ロックウール、グラスウールの話

あけましておめでとうございます。本年もよろしくお願いします。お正月太りにならないよう、なるべくお酒やお餅を制限したつもりのゼッツです。

お正月の番組の中で、痛風の特集がありまして、ご存じプリン体による尿酸値の上昇は全体の2割程度ということでした。後は、肝臓が作り出した尿酸(人類の寿命が延びた大事なものだそうで・・・)をうまく腎臓で尿として排出できないのが原因だそうです。まあ、諸説あるようですが・・・

尿酸値が高くなると、体内で尿酸が結晶化を起こします。このとき体温の低い足の部分は結晶が出来やすいと言われており、更に外部からの刺激が多い親指部分に痛みが起こりやすいといわれています。 この尿酸の結晶は、きらきら光ってあちこちに刺さってしまうそんなイメージで、皆さん気を付けましょうね。

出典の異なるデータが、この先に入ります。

(* Let $G$ be a finite simple graph on vertex set $[n]$, $S=\mathbb{K}[x_1,\dots,x_n]$, $\mathcal{T}$ the set of triangles of $G$ (3-element vertex sets inducing $K_3$), and $M=\mathcal{F}(G)^{(2)}/\mathcal{F}(G)^2$ as a graded $\mathbb{K}$-vector space. Then for every integer $z$, $$H_M(z)=\sum_{T\in\mathcal{T}}H_{S_T/I_T}(z-3),$$ where $S_T=\mathbb{K}[x_v: v\in [n]\setminus N[T]]$, $I_T=\mathcal{F}(G-N[T])\subset S_T$, and $H_N(i)=\dim_{\mathbb{K}}N_i$ denotes the Hilbert function.
   Context: $\mathcal{F}(G)=(x_ix_j:\{i,j\}\in E(G))$. For squarefree monomial $I$, $I^{(2)}=\bigcap_{P\in\mathrm{Ass}(I)}P^2$. For $v$ a vertex, $N[v]=\{v\}\cup\{u:\{u,v\}\in E(G)\}$ is the closed neighborhood, and $N[A]=\bigcup_{v\in A}N[v]$. $G-N[T]$ denotes the induced subgraph of $G$ on the vertex set $[n]\setminus N[T]$. (If $[n]\setminus N[T]=\emptyset$ then $S_T=\mathbb{K}$ and $I_T=0$.) *)

theory Defs
  imports Main "HOL.Vector_Spaces" "HOL-Library.Poly_Mapping"
begin

text \<open>Polynomials in variables x_i (i :: nat) over a field 'k:
  finitely supported maps from monomials (exponent vectors nat =>0 nat) to coefficients.\<close>
type_synonym 'k mpoly = "(nat \<Rightarrow>\<^sub>0 nat) \<Rightarrow>\<^sub>0 'k"

text \<open>The polynomial ring K[x_v : v in A], as a subset of all polynomials.\<close>
definition polyring :: "nat set \<Rightarrow> ('k::field) mpoly set" where
  "polyring A = {p. \<forall>m \<in> Poly_Mapping.keys (p::'k mpoly). Poly_Mapping.keys m \<subseteq> A}"

inductive_set ideal_gen :: "nat set \<Rightarrow> ('k::field) mpoly set \<Rightarrow> 'k mpoly set"
  for A X where
  gen: "x \<in> X \<Longrightarrow> x \<in> ideal_gen A X"
| zero: "0 \<in> ideal_gen A X"
| add: "p \<in> ideal_gen A X \<Longrightarrow> q \<in> ideal_gen A X \<Longrightarrow> p + q \<in> ideal_gen A X"
| mult: "r \<in> polyring A \<Longrightarrow> p \<in> ideal_gen A X \<Longrightarrow> r * p \<in> ideal_gen A X"

definition is_ideal :: "nat set \<Rightarrow> ('k::field) mpoly set \<Rightarrow> bool" where
  "is_ideal A P \<longleftrightarrow> P \<subseteq> polyring A \<and> 0 \<in> P \<and> (\<forall>p\<in>P. \<forall>q\<in>P. p + q \<in> P)
     \<and> (\<forall>r\<in>polyring A. \<forall>p\<in>P. r * p \<in> P)"

definition is_prime_ideal :: "nat set \<Rightarrow> ('k::field) mpoly set \<Rightarrow> bool" where
  "is_prime_ideal A P \<longleftrightarrow> is_ideal A P \<and> P \<noteq> polyring A \<and>
     (\<forall>a\<in>polyring A. \<forall>b\<in>polyring A. a * b \<in> P \<longrightarrow> a \<in> P \<or> b \<in> P)"

definition Ass :: "nat set \<Rightarrow> ('k::field) mpoly set \<Rightarrow> 'k mpoly set set" where
  "Ass A I = {P. is_prime_ideal A P \<and> (\<exists>f\<in>polyring A. P = {g\<in>polyring A. g * f \<in> I})}"

definition ideal_prod :: "nat set \<Rightarrow> ('k::field) mpoly set \<Rightarrow> 'k mpoly set \<Rightarrow> 'k mpoly set" where
  "ideal_prod A I J = ideal_gen A {f * g |f g. f \<in> I \<and> g \<in> J}"

text \<open>Second symbolic power, as defined for squarefree monomial ideals:
  intersection of the squares of the associated primes.\<close>
definition symb_sq :: "nat set \<Rightarrow> ('k::field) mpoly set \<Rightarrow> 'k mpoly set" where
  "symb_sq A I = polyring A \<inter> \<Inter>{ideal_prod A P P |P. P \<in> Ass A I}"

definition xx :: "nat \<Rightarrow> nat \<Rightarrow> ('k::field) mpoly" where
  "xx i j = Poly_Mapping.single (Poly_Mapping.single i 1 + Poly_Mapping.single j 1) 1"

text \<open>Edge ideal F(G[A]) in polyring A, for a graph with edge set E (set of 2-sets).\<close>
definition edge_ideal :: "nat set \<Rightarrow> nat set set \<Rightarrow> ('k::field) mpoly set" where
  "edge_ideal A E = ideal_gen A {xx i j |i j. {i, j} \<in> E \<and> i \<in> A \<and> j \<in> A}"

definition mdeg :: "(nat \<Rightarrow>\<^sub>0 nat) \<Rightarrow> nat" where
  "mdeg m = (\<Sum>i\<in>Poly_Mapping.keys m. Poly_Mapping.lookup m i)"

definition homog :: "nat \<Rightarrow> ('k::field) mpoly set" where
  "homog d = {p. \<forall>m\<in>Poly_Mapping.keys (p::'k mpoly). mdeg m = d}"

definition kscale :: "'k::field \<Rightarrow> 'k mpoly \<Rightarrow> 'k mpoly" where
  "kscale c p = Poly_Mapping.map (\<lambda>a. c * a) p"

text \<open>Hilbert function of the graded quotient J/I (I \<subseteq> J homogeneous ideals of polyring A):
  H(z) = dim_K J_z - dim_K I_z = dim_K (J/I)_z, and 0 for negative z.\<close>
definition hilb :: "nat set \<Rightarrow> ('k::field) mpoly set \<Rightarrow> 'k mpoly set \<Rightarrow> int \<Rightarrow> nat" where
  "hilb A J I z = (if z < 0 then 0 else
     vector_space.dim kscale (J \<inter> polyring A \<inter> homog (nat z))
     - vector_space.dim kscale (I \<inter> polyring A \<inter> homog (nat z)))"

ところで、この結晶から連想されるものに、あのアスベスト(石綿)があります。石綿といえば、お年の方は、子供のころ理科の実験でアルコールランプで水などが入ったビーカーを温める時に敷いた金網、そうあれについている白い綿のようなものです。

耐久性、耐熱性、耐薬品性、電気絶縁性などの特性に非常に優れ、建設資材、電気製品、自動車、家庭用品など様々な用途に広く使用されてきましたが、長期間大量に吸入すると肺がんや有名な中皮腫の原因として、やっと、2012年3月に完全に製造禁止になりました。結構最近の話です。

私の10歳くらい先輩方の中にも、中皮腫を患っておられる方が何人かおられます。

アスベストの結晶は、細長く針のようで、悪いことに砕ける時にさらに細くたてに裂けるんだそうです。そのため吸い込んだ肺の中で細胞に刺さりこみ、30年くらいの潜伏期間を経て発病します。

最近でも、某給食センターなどに残っていて、施設が使用禁止になったのは記憶の新しいところです。まだまだ、古い建物にはアスベストが残っているところがあり、解体時は十分な配慮が必要になります。このアスベストは、アスベスト単体ではなく、残っていると考えられるものは、古いロックウールに混じっているものがほとんどです。

現在使用されているロックウールは、すべてアスベストが全く混じっていない(禁止されている)製品なので安心ですが、どこが違うのでしょう。(グラスウールは、アスベストが混入されたごとがないのでもっと安心です)

アスベストは、古代エジプトのころから使用されていた天然に産出する鉱物繊維で、ロックウールは、工場で岩石を溶融して製造された人造の鉱物繊維です。ロックウールは、単繊維の平均繊維径3~5μmですが、呼吸器系に入りづらく多少吸っても大丈夫ですとのことです。しかし、アスベストはロックウールに比べ数十~数百分の一の細さのため、呼吸器系に入りやすいのです。天然ものがいいとは、ここでは言い切れないようですね。

ロックウールとグラスウールは、同じく人造の鉱物繊で、大まかに言えば原料が岩石や高炉スラグかガラス繊維の違いくらいで、使いやすさで使用を分けているようです。現在の住宅では、ほぼグラスウールが使用されています。両方とも不燃で断熱性に優れていますが、グラスウールは折り曲げても傷みがなく丈夫でしなやかなため、施工性に優れています。ロックウールは少し柔軟性に劣っていますが、配管の保温など自立性があるため、どちらも適材適所に使われています。

昔の密度の低いグラスウールは、作業しているうちに、首などの皮膚についてチクチクかゆくなったりします。そのため、なるべくヤッケのようなもので体を保護したものでした。工業製品は、怖いと思っていましたが、アスベストが天然素材って、普段養殖の刺身やオーガニックでない野菜は高くて買えない私は、なぜか少し安心しました。

現在のスマートハウス、ZEHに必要不可欠な断熱材は、グラスウールだから良い、ウレタンが良いということでなく、その施工がどれだけその部分に適しているか、素材をを100%生かしているかの方が重要であり、施工者の資質が問われるところです。